In social sciences however, I regularly see even honest students and researchers start from the assumption that all "folk theories" are wrong and they only try to work out how they are wrong. Upturning intuitions is their entire raison d'etre. If you don't get "surprising" results, you're at best boring and uncool or at worst vilified. Best example is imo stereotypes; If I ask friends who literally studied psychology, many will declare with confidence that all stereotypes are wrong and have been thoroughly debunked by psychological research. Yet stereotype accuracy is one of the most robust and replicable findings there is. But psychologists shouldn't stop there! We need to quantify how accurate they are, we need to find how different parameters influence accuracy, and so on. The good news is, this is at least being worked on by a small group of researchers; The bad news is, many others try their best to entirely ignore these findings.
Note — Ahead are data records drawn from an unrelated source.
lemma frac_half_orbit:
  "frac ` half_orbit \<phi> \<tau> =
    {frac (\<phi> + of_int n * \<tau>) | n. True} \<union> {frac ((\<phi> + 1/2) + of_int n * \<tau>) | n. True}"
proof -
  have "frac (\<phi> + of_int n * \<tau> + of_int j / 2) =
      (if even j then frac (\<phi> + of_int n * \<tau>) else frac ((\<phi> + 1/2) + of_int n * \<tau>))" for n j
  proof (cases "even j")
    case True
    then obtain i where "j = 2 * i" by (auto elim: evenE)
    then show ?thesis using True by simp
  next
    case False
    then obtain i where j: "j = 2 * i + 1" by (auto elim: oddE)
    have "\<phi> + of_int n * \<tau> + of_int j / 2 = ((\<phi> + 1/2) + of_int n * \<tau>) + of_int i"
      unfolding j by (simp add: field_simps)
    then show ?thesis by (simp only: if_not_P[OF False] frac_add_of_int_right)
  qed
  note frac_cases = this
  show ?thesis unfolding half_orbit_def
  proof (intro equalityI subsetI)
    fix x assume "x \<in> frac ` {\<phi> + of_int n * \<tau> + of_int j / 2 | n j. True}"
    then obtain n j where "x = frac (\<phi> + of_int n * \<tau> + of_int j / 2)" by blast
    then show "x \<in> {frac (\<phi> + of_int n * \<tau>) | n. True} \<union> {frac ((\<phi> + 1/2) + of_int n * \<tau>) | n. True}"
      unfolding frac_cases by auto
  next
    fix x
    assume "x \<in> {frac (\<phi> + of_int n * \<tau>) | n. True} \<union> {frac ((\<phi> + 1/2) + of_int n * \<tau>) | n. True}"
    then obtain n j where "x = frac (\<phi> + of_int n * \<tau> + of_int j / 2)"
    proof (elim UnE CollectE exE conjE)
      fix n assume "x = frac (\<phi> + of_int n * \<tau>)"
      then show thesis using that[of n 0] frac_cases[of n 0] by simp
    next
      fix n assume "x = frac ((\<phi> + 1/2) + of_int n * \<tau>)"
      then show thesis using that[of n 1] frac_cases[of n 1] by simp
    qed
    then show "x \<in> frac ` {\<phi> + of_int n * \<tau> + of_int j / 2 | n j. True}" by blast
  qed
qed

theorem lemma3p2:
  fixes \<tau> \<phi> :: real
  assumes "\<tau> \<notin> \<rat>"
  shows "\<exists>C F. cantor_set C \<and> (\<forall>x. x \<in> C \<longleftrightarrow> x + 1/2 \<in> C) \<and> cantor_function C F \<and>
    frac ` F ` accessible C =
      {frac (\<phi> + of_int n * \<tau>) | n. True} \<union> {frac ((\<phi> + 1/2) + of_int n * \<tau>) | n. True} \<and>
    (\<forall>x. F (x + 1/2) - (F x + 1/2) \<in> \<int>)"
proof -
  define c where "c = (\<lambda>k. \<phi> + of_int (int_decode k) * \<tau>)"
  interpret staircase c .
  have jumps: "jumps = half_orbit \<phi> \<tau>" unfolding c_def by (rule jumps_int_decode)
  have dense: "\<exists>d\<in>jumps. a < d \<and> d < b" if "a < b" for a b
    unfolding jumps using half_orbit_dense[OF assms that] .
  show ?thesis
  proof (intro exI conjI allI)
    show "cantor_set Cset" using Cset_cantor[OF dense] .
    show "x \<in> Cset \<longleftrightarrow> x + 1/2 \<in> Cset" for x by (rule Cset_half_invariant)
    show "cantor_function Cset P" by (rule P_cantor_function)
    show "frac ` P ` accessible Cset =
        {frac (\<phi> + of_int n * \<tau>) | n. True} \<union> {frac ((\<phi> + 1/2) + of_int n * \<tau>) | n. True}"
      unfolding P_accessible jumps by (rule frac_half_orbit)
    show "P (x + 1/2) - (P x + 1/2) \<in> \<int>" for x by (simp add: P_half_shift)
  qed
qed

end
(* There is a function $g$ such that the following holds. Let $A \in \mathbb{Z}^{m \times n}$ and let $F$ be a td-decomposition of the dual graph $G_D(A)$. Let $A_B \in \mathbb{Z}^{m \times m}$ be a submatrix of $A$ formed by a collection of $m$ columns of $A$ which is invertible. Then $\mathrm{fr}(A_B^{-1}) \le g(\mathrm{height}(F), \|A\|_\infty)$.
   Context: The primal graph $G_P(M)$ of a matrix $M$ has one vertex per column of $M$, two columns adjacent if some row has non-zero entries in both; the dual graph is $G_D(A) := G_P(A^{\intercal})$ (vertices are rows of $A$, adjacent if some column has non-zero entries in both). For a rooted tree $F$, $\mathrm{cl}(F)$ is the graph obtained by making each vertex adjacent to all its ancestors; $\mathrm{height}(F)$ is the maximum number of vertices on a root-leaf path. A td-decomposition of a graph $G$ is a rooted tree $F$ on the vertex set of $G$ with $G \subseteq \mathrm{cl}(F)$. For a rational matrix $M$, $\mathrm{fr}(M)$ is the maximum denominator among its entries written in lowest terms. *)

theory Defs
  imports "Jordan_Normal_Form.DL_Submatrix"
begin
To be frank, you can't do science this way. You should start from the things that regular society can broadly agree on AND which is backed up by replicable, strong findings- stereotype accuracy, the primacy of selection effects in education, the robustness of intelligence measures, and so on. From there, you can work yourself towards more contentious, variable or difficult topics. But you shouldn't start from those.
This avoids another problem we could see here: If you start out with investigating the things that most people have been agreeing on for a long time, an argument like "maybe attitudes changed, dunno" will seem non-credible. And this is very good, since we definitely shouldn't waste money on findings that very plausibly won't last even just a few years.